VERSIONED_COMPOSITION Archetype_node_id_valid invariant contains error
Description
Activity
Well we’re caught between two philosophies which both relate to openEHR: a) version control, where rule #1 is thou shalt not touch or rewrite the repo and b) schema migration, which is an ongoing challenge in any persistence system. Now, our ‘schema migrations' are already a step out from the actual DB schema - it’s archetypes. But there is still schema migration that needs to be addressed with the evolution of archetypes over time.
Usually you only break the versioning rule (thou shalt not touch old versions) when you are either doing a complete technological upgrade, as we did from Subversion to Git some years ago, or you are doing built-in tricks which are bullet-proof, like Git’s version compression.
I’m not sure what you meant by ‘history’ but I am sure that there are no good half-baked solutions in this area. We have to make sure every last detail is covered - as you say, links, do we make the migrated form point to pre-migrated form (I would say no; instead provide a tool that can look at a new version and find its antecedent in the old form)… we need a new analysis on this.
We could contemplate this in the short term:
get rid of this invariant rule, and don’t make any requirement for all VERSIONs of a VERSIONED_OBJECT (Composition, Party, …) to use the same archetype at all; we could instead say that it just has to be the same content, i.e. medication list, allergies list, lab result etc, and the system can use whatever archetypes it likes to represent that content, including using new archetypes for new versions.
That’s a bit radical and it means that any smart archetype-based logic can no longer assume an entire version stack is conformant to the same set of archetypes (i.e. including the ones in slots etc) but now, a version stack potentially consists of more than one coherent series of same / compatible archetypes.
We could come up with a theoretical design around this, but I think early involvement of the implementers would be worthwhile, to find out their thoughts, since versioning of both the data and also archetypes is fairly close to the core of most implem software ecosystems.
Ah, yes. Of course, those conversion strategies make sense. I guess what we try to do differently is to keep old versions of the data exactly the same, without conversion, and only converting the most recent version of the data to the new form, preserving all history in the old version.
Converting all versions is possible I guess, and even the old version can be kept as deleted compositions. But then, how to link the new versions to the old ones? Should that use links on the root locatable/composition? or the feeder audit? Something else? Wouldn’t history be better?
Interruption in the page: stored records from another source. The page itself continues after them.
(* Let $A=k[x_1][x_2;\alpha_2,\delta_2]_p\cdots[x_n;\alpha_n,\delta_n]_p$ be an iterated Poisson polynomial algebra over a field $k$ of characteristic zero, supporting a rational Poisson action of a torus $H=(k^\times)^r$ such that $x_1,\dots,x_n$ are $H$-eigenvectors. Assume there exist $\eta_1,\dots,\eta_n\in\mathfrak h=\operatorname{Lie}H$ such that $\eta_i.x_j=\alpha_i(x_j)$ for $i>j$ and the $\eta_i$-eigenvalue $s_i$ of $x_i$ is nonzero for each $i$. Then $\alpha_i\delta_i=\delta_i(\alpha_i+s_i)$ for all $i$.
   Context: If $B$ is a Poisson algebra, $\alpha$ a Poisson derivation of $B$ and $\delta$ a derivation of $B$ with $\delta(\{a,b\})=\{\delta(a),b\}+\{a,\delta(b)\}+\alpha(a)\delta(b)-\delta(a)\alpha(b)$, then $B[x;\alpha,\delta]_p$ is $B[x]$ with the unique Poisson bracket extending that of $B$ with $\{x,b\}=\alpha(b)x+\delta(b)$; an iterated Poisson polynomial algebra iterates this starting from $k[x_1]$. A rational Poisson action of $H$ is an action by Poisson automorphisms with $A$ the direct sum of $H$-eigenspaces $A_x$, $x\in X(H)\cong\mathbb Z^r$ ($(m_i)\leftrightarrow h\mapsto\prod h_i^{m_i}$). $\mathfrak h=k^r$ acts by $\eta.a=(\eta|x)a$ for $a\in A_x$ (dot product), $(\eta|x)$ being the $\eta$-eigenvalue of $a$. *)

theory Defs
  imports Main "HOL-Library.Poly_Mapping"
begin

text \<open>Commutative polynomials over a field 'k in the variables x_1, x_2, ...,
  represented as finitely supported maps from monomials (exponent vectors) to coefficients.\<close>
type_synonym 'k mpoly = "(nat \<Rightarrow>\<^sub>0 nat) \<Rightarrow>\<^sub>0 'k"

definition Const :: "'k::comm_ring_1 \<Rightarrow> 'k mpoly" where
  "Const c = Poly_Mapping.single 0 c"

definition smult :: "'k::comm_ring_1 \<Rightarrow> 'k mpoly \<Rightarrow> 'k mpoly" where
  "smult c p = Const c * p"

definition Var :: "nat \<Rightarrow> 'k::comm_ring_1 mpoly" where
  "Var i = Poly_Mapping.single (Poly_Mapping.single i 1) 1"

definition Bsub :: "nat \<Rightarrow> 'k::comm_ring_1 mpoly set" where
  "Bsub i = {p. \<forall>m \<in> Poly_Mapping.keys p. \<forall>j \<in> Poly_Mapping.keys (m :: nat \<Rightarrow>\<^sub>0 nat). 1 \<le> j \<and> j \<le> i}"

definition poisson_bracket ::
  "'k::field mpoly set \<Rightarrow> ('k mpoly \<Rightarrow> 'k mpoly \<Rightarrow> 'k mpoly) \<Rightarrow> bool" where
  "poisson_bracket B br \<longleftrightarrow>
     (\<forall>a\<in>B. \<forall>b\<in>B. br a b \<in> B) \<and>
     (\<forall>a\<in>B. \<forall>b\<in>B. \<forall>c\<in>B. br (a + b) c = br a c + br b c) \<and>
     (\<forall>a\<in>B. \<forall>b\<in>B. \<forall>c. br (smult c a) b = smult c (br a b)) \<and>
     (\<forall>a\<in>B. \<forall>b\<in>B. br a b = - br b a) \<and>
     (\<forall>a\<in>B. \<forall>b\<in>B. \<forall>c\<in>B. br a (br b c) + br b (br c a) + br c (br a b) = 0) \<and>
     (\<forall>a\<in>B. \<forall>b\<in>B. \<forall>c\<in>B. br a (b * c) = br a b * c + b * br a c)"

definition derivation :: "'k::field mpoly set \<Rightarrow> ('k mpoly \<Rightarrow> 'k mpoly) \<Rightarrow> bool" where
  "derivation B d \<longleftrightarrow>
     (\<forall>a\<in>B. d a \<in> B) \<and>
     (\<forall>a\<in>B. \<forall>b\<in>B. d (a + b) = d a + d b) \<and>
     (\<forall>a\<in>B. \<forall>c. d (smult c a) = smult c (d a)) \<and>
     (\<forall>a\<in>B. \<forall>b\<in>B. d (a * b) = d a * b + a * d b)"

definition poisson_derivation ::
  "'k::field mpoly set \<Rightarrow> ('k mpoly \<Rightarrow> 'k mpoly \<Rightarrow> 'k mpoly) \<Rightarrow> ('k mpoly \<Rightarrow> 'k mpoly) \<Rightarrow> bool" where
  "poisson_derivation B br a \<longleftrightarrow> derivation B a \<and>
     (\<forall>u\<in>B. \<forall>v\<in>B. a (br u v) = br (a u) v + br u (a v))"

definition twisted_derivation ::
  "'k::field mpoly set \<Rightarrow> ('k mpoly \<Rightarrow> 'k mpoly \<Rightarrow> 'k mpoly) \<Rightarrow> ('k mpoly \<Rightarrow> 'k mpoly)
     \<Rightarrow> ('k mpoly \<Rightarrow> 'k mpoly) \<Rightarrow> bool" where
  "twisted_derivation B br a d \<longleftrightarrow> derivation B d \<and>
     (\<forall>u\<in>B. \<forall>v\<in>B. d (br u v) = br (d u) v + br u (d v) + a u * d v - d u * a v)"

definition iterated_poisson ::
  "nat \<Rightarrow> ('k::field mpoly \<Rightarrow> 'k mpoly \<Rightarrow> 'k mpoly) \<Rightarrow> (nat \<Rightarrow> 'k mpoly \<Rightarrow> 'k mpoly)
     \<Rightarrow> (nat \<Rightarrow> 'k mpoly \<Rightarrow> 'k mpoly) \<Rightarrow> bool" where
  "iterated_poisson n br \<alpha> \<delta> \<longleftrightarrow>
     (\<forall>i\<in>{1..n}. poisson_bracket (Bsub i) br) \<and>
     (\<forall>i\<in>{2..n}. poisson_derivation (Bsub (i - 1)) br (\<alpha> i) \<and>
                 twisted_derivation (Bsub (i - 1)) br (\<alpha> i) (\<delta> i) \<and>
                 (\<forall>b\<in>Bsub (i - 1). br (Var i) b = \<alpha> i b * Var i + \<delta> i b))"

text \<open>Torus H = (k^x)^r, indexed by a finite type 'r; characters X(H) = Z^r.\<close>
definition torus :: "('r::finite \<Rightarrow> 'k::field) set" where
  "torus = {h. \<forall>l. h l \<noteq> 0}"

definition character :: "('r::finite \<Rightarrow> int) \<Rightarrow> ('r \<Rightarrow> 'k::field) \<Rightarrow> 'k" where
  "character m h = (\<Prod>l\<in>UNIV. power_int (h l) (m l))"

definition eigenspace ::
  "'k::field mpoly set \<Rightarrow> (('r::finite \<Rightarrow> 'k) \<Rightarrow> 'k mpoly \<Rightarrow> 'k mpoly) \<Rightarrow> ('r \<Rightarrow> int) \<Rightarrow> 'k mpoly set" where
  "eigenspace A \<rho> m = {a\<in>A. \<forall>h\<in>torus. \<rho> h a = smult (character m h) a}"

text \<open>The pairing (eta|m) for eta in Lie H = k^r and m in X(H) = Z^r.\<close>
definition pairing :: "('r::finite \<Rightarrow> 'k::field) \<Rightarrow> ('r \<Rightarrow> int) \<Rightarrow> 'k" where
  "pairing \<eta> m = (\<Sum>l\<in>UNIV. \<eta> l * of_int (m l))"

definition poisson_automorphism ::
  "'k::field mpoly set \<Rightarrow> ('k mpoly \<Rightarrow> 'k mpoly \<Rightarrow> 'k mpoly) \<Rightarrow> ('k mpoly \<Rightarrow> 'k mpoly) \<Rightarrow> bool" where
  "poisson_automorphism A br f \<longleftrightarrow> bij_betw f A A \<and> f 1 = 1 \<and>
     (\<forall>a\<in>A. \<forall>b\<in>A. f (a + b) = f a + f b) \<and>
     (\<forall>a\<in>A. \<forall>b\<in>A. f (a * b) = f a * f b) \<and>
     (\<forall>a\<in>A. \<forall>c. f (smult c a) = smult c (f a)) \<and>
     (\<forall>a\<in>A. \<forall>b\<in>A. f (br a b) = br (f a) (f b))"

definition rational_poisson_action ::
  "'k::field mpoly set \<Rightarrow> ('k mpoly \<Rightarrow> 'k mpoly \<Rightarrow> 'k mpoly)
     \<Rightarrow> (('r::finite \<Rightarrow> 'k) \<Rightarrow> 'k mpoly \<Rightarrow> 'k mpoly) \<Rightarrow> bool" where
  "rational_poisson_action A br \<rho> \<longleftrightarrow>
     (\<forall>h\<in>torus. poisson_automorphism A br (\<rho> h)) \<and>
     (\<forall>a\<in>A. \<rho> (\<lambda>_. 1) a = a) \<and>
     (\<forall>h\<in>torus. \<forall>h'\<in>torus. \<forall>a\<in>A. \<rho> (\<lambda>l. h l * h' l) a = \<rho> h (\<rho> h' a)) \<and>
     (\<forall>a\<in>A. \<exists>S f. finite S \<and> (\<forall>m\<in>S. f m \<in> eigenspace A \<rho> m) \<and> a = (\<Sum>m\<in>S. f m)) \<and>
     (\<forall>S f. finite S \<and> (\<forall>m\<in>S. f m \<in> eigenspace A \<rho> m) \<and> (\<Sum>m\<in>S. f m) = 0
        \<longrightarrow> (\<forall>m\<in>S. f m = 0))"

end

theory Submission
  imports Defs
begin
lemma rotT_0:
  assumes "xs \<in> Idx n"
  shows "rotT n v 0 T xs = T xs"
proof -
  have "(\<Prod>m<n. complex_of_real (axis (ys ! m) 1 $ (xs ! m))) = (if ys = xs then 1 else 0)"
    if "ys \<in> Idx n" for ys
    using prod_nth_indicator_Idx[OF that assms] by (simp add: complex_of_real_axis_component)
  then have "rotT n v 0 T xs = (\<Sum>ys\<in>Idx n. if ys = xs then T ys else 0)"
    unfolding rotT_def by (intro sum.cong refl) simp
  then show ?thesis using assms by simp
qed

definition spin_coeff :: "nat \<Rightarrow> real^3 \<Rightarrow> 3 list \<Rightarrow> 3 list \<Rightarrow> complex" where
  "spin_coeff n v xs ys = (\<Sum>i<n. complex_of_real (cross3 v (axis (ys ! i) 1) $ (xs ! i))
      * (\<Prod>j\<in>{..<n} - {i}. if ys ! j = xs ! j then 1 else 0))"

lemma has_vector_derivative_rotT_coeff:
  "((\<lambda>p. \<Prod>m<n. complex_of_real (rotv v p (axis (ys ! m) 1) $ (xs ! m))) has_vector_derivative
      spin_coeff n v xs ys) (at 0)"
proof -
  have "((\<lambda>p. \<Prod>m<n. complex_of_real (rotv v p (axis (ys ! m) 1) $ (xs ! m))) has_derivative
      (\<lambda>t. \<Sum>i<n. (t *\<^sub>R complex_of_real (cross3 v (axis (ys ! i) 1) $ (xs ! i)))
          * (\<Prod>j\<in>{..<n} - {i}. complex_of_real (rotv v 0 (axis (ys ! j) 1) $ (xs ! j))))) (at 0)"
    by (rule has_derivative_prod)
      (use has_vector_derivative_rotv_component in \<open>auto simp: has_vector_derivative_def\<close>)
  then show ?thesis
    by (simp add: has_vector_derivative_def spin_coeff_def scaleR_sum_right mult_scaleR_left
        complex_of_real_axis_component)
qed

lemma spin_gen_conv_spin_coeff:
  assumes xs: "xs \<in> Idx n"
  shows "spin_gen n v T xs = (\<Sum>ys\<in>Idx n. spin_coeff n v xs ys * T ys)"
proof -
  have "(\<Sum>ys\<in>Idx n. spin_coeff n v xs ys * T ys)
      = (\<Sum>i<n. \<Sum>ys\<in>Idx n. complex_of_real (cross3 v (axis (ys ! i) 1) $ (xs ! i))
          * (\<Prod>j\<in>{..<n} - {i}. if ys ! j = xs ! j then 1 else 0) * T ys)"
    unfolding spin_coeff_def by (simp add: sum_distrib_right sum.swap[of _ "Idx n"])
  also have "\<dots> = spin_gen n v T xs"
    unfolding spin_gen_def by (intro sum.cong refl sum_Idx_agree_off_slot[OF _ xs]) simp
  finally show ?thesis by simp
qed

lemma pd_eq_derivative:
  assumes "(g has_derivative D) (at k)"
  shows "pd c g k = D (axis c 1)"
proof -
  have "((\<lambda>t. k + t *\<^sub>R axis c 1) has_vector_derivative axis c 1) (at 0)"
    by (auto intro!: derivative_eq_intros)
  moreover have "(g has_derivative D)
      (at ((\<lambda>t. k + t *\<^sub>R axis c (1::real)) 0) within range (\<lambda>t. k + t *\<^sub>R axis c 1))"
    using assms by (simp add: has_derivative_at_withinI)
  ultimately have "((g \<circ> (\<lambda>t. k + t *\<^sub>R axis c 1)) has_vector_derivative D (axis c 1)) (at 0)"
    using vector_derivative_diff_chain_within[where S=UNIV] by fastforce
  then show ?thesis unfolding pd_def by (simp add: o_def vector_derivative_at)
qed

lemma has_vector_derivative_along_orbit:
  fixes g :: "real^3 \<Rightarrow> complex"
  assumes "(g has_derivative D) (at k)"
  shows "((\<lambda>p. g (rotv v (- p) k)) has_vector_derivative
      - (\<Sum>c\<in>UNIV. complex_of_real (cross3 v k $ c) * pd c g k)) (at 0)"
proof -
  have "(g has_derivative D) (at ((\<lambda>p. rotv v (- p) k) 0) within range (\<lambda>p. rotv v (- p) k))"
    using assms by (simp add: has_derivative_at_withinI)
  then have "((g \<circ> (\<lambda>p. rotv v (- p) k)) has_vector_derivative D (- cross3 v k)) (at 0)"
    using vector_derivative_diff_chain_within[OF has_vector_derivative_rotv_orbit[of v k,
          unfolded at_within_open[OF _ open_UNIV, symmetric]]]
    by (metis at_within_open[OF _ open_UNIV] UNIV_I)
  moreover have "D (- cross3 v k) = - (\<Sum>c\<in>UNIV. complex_of_real (cross3 v k $ c) * pd c g k)"
  proof -
    have lin: "linear D" using has_derivative_linear[OF assms] .
    have "cross3 v k = (\<Sum>c\<in>UNIV. (cross3 v k $ c) *\<^sub>R axis c (1::real))"
      by (simp add: vec_eq_iff sum_3 axis_def forall_3)
    then have "D (- cross3 v k) = - D (\<Sum>c\<in>UNIV. (cross3 v k $ c) *\<^sub>R axis c (1::real))"
      using lin by (metis linear_neg)
    also have "\<dots> = - (\<Sum>c\<in>UNIV. (cross3 v k $ c) *\<^sub>R D (axis c 1))"
      using lin by (simp add: linear_sum linear_cmul o_def)
    finally show ?thesis by (simp add: pd_eq_derivative[OF assms] scaleR_conv_of_real)
  qed
  ultimately show ?thesis by (simp add: o_def)
qed
text \<open>Removing the cluster \<open>j\<close> of a newly chosen centre \<open>x\<close> from \<open>U\<close> moves its sites,
  with their new potential, to the covered part.\<close>

lemma seeding_bound_Diff_cluster_le:
  assumes "cs \<noteq> []" "finite U" "j \<in> U" "t < card U"
  shows "seeding_bound t (cs @ [x]) (U - {j})
    \<le> (potential cs (Xc U) + 2 * real CARD('n) * (opt_cost (Xu U) - opt_cost (cluster S g j))) * (1 + harm t)
      + (real (card U) - 1 - real t) / (real (card U) - 1) * (potential cs (Xu U) - potential cs (cluster S g j))
      + (1 + harm t) * potential (cs @ [x]) (cluster S g j)"
proof -
  define q where "q = (real (card U) - 1 - real t) / (real (card U) - 1)"
  have "real (card (U - {j})) = real (card U) - 1"
    using assms by (simp add: of_nat_diff)
  moreover have "potential (cs @ [x]) (Xc (U - {j}))
      = potential (cs @ [x]) (Xc U) + potential (cs @ [x]) (cluster S g j)"
    using assms(3) by (simp add: Xc_Diff_singleton potential_def sum_Xc_Un_cluster)
  moreover have "opt_cost (Xu (U - {j})) = opt_cost (Xu U) - opt_cost (cluster S g j)"
    using assms(3) by (simp add: Xu_Diff_singleton opt_cost_def sum_Xu_Diff_cluster)
  ultimately have "seeding_bound t (cs @ [x]) (U - {j})
    = (potential (cs @ [x]) (Xc U) + potential (cs @ [x]) (cluster S g j)
        + 2 * real CARD('n) * (opt_cost (Xu U) - opt_cost (cluster S g j))) * (1 + harm t)
      + q * potential (cs @ [x]) (Xu (U - {j}))"
    by (simp add: seeding_bound_def q_def)
  also have "\<dots> \<le> (potential cs (Xc U) + potential (cs @ [x]) (cluster S g j)
        + 2 * real CARD('n) * (opt_cost (Xu U) - opt_cost (cluster S g j))) * (1 + harm t)
      + q * (potential cs (Xu U) - potential cs (cluster S g j))"
  proof (intro order.refl add_mono mult_right_mono mult_left_mono)
    show "potential (cs @ [x]) (Xc U) \<le> potential cs (Xc U)"
      by (rule potential_snoc_le[OF assms(1)])
    have "potential (cs @ [x]) (Xu U - cluster S g j) \<le> potential cs (Xu U - cluster S g j)"
      by (rule potential_snoc_le[OF assms(1)])
    then show "potential (cs @ [x]) (Xu (U - {j})) \<le> potential cs (Xu U) - potential cs (cluster S g j)"
      using assms(3) by (simp add: Xu_Diff_singleton potential_def sum_Xu_Diff_cluster)
    show "0 \<le> q"
      using assms(4) by (auto simp: q_def intro!: divide_nonneg_nonneg)
    show "(0::real) \<le> 1 + harm t"
      using harm_nonneg[where 'a=real, of t] by linarith
  qed
  finally show ?thesis
    by (simp add: q_def algebra_simps)
qed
I’ll try asking other vendors what they do.
Previous comments don’t mean we should not discuss a better strategy for solving this. I’m happy to look at better designs. We just have to take account of existing systems and find a solution that works in the real world.
I would say that the invariant should be satisfied for the archetype Id down to the major version, i.e. using ‘semantic_id()’ function here or something equivalent. There is more discussion here in the Identification spec.
The specs don’t specify any specific way to deal with breaking changes (i.e. new major version of archetypes) - they just say that when an archetype of new major version number goes in to use, the system has to do either (or maybe both) of two things:
convert data saved with the older major version on the fly (i..e on any retrieval) to the form required by the new major version of that archetype
migrate the older data permanently (i.e. one-off operation) to the new form.
For both of these, some conversion algorithm is needed. This usually involves filling some new field with a synthesised data item that didn’t exist in the old version, but could be anything.
More on version referencing here in the Identification spec.
@Thomas Beale , you mentioned there are ways mentioned in the specification to handle this. We tried to find that, but cannot find them. Could you provide a pointer to where this is defined?
The current spec in combination with adl 2 may not even allow template patch version updates, so following this invariant seems highly impractical at best.
The invariant reads:
Archetype_node_id_valid: for_all v in all_versions | v.archetype_node_id.is_equal (all_versions.first.archetype_node_id)
However, v in all_versions is an instance of the class VERSION. Which does not have an attribute called archetype_node_id.
Is v.data.archetype_node_id intended?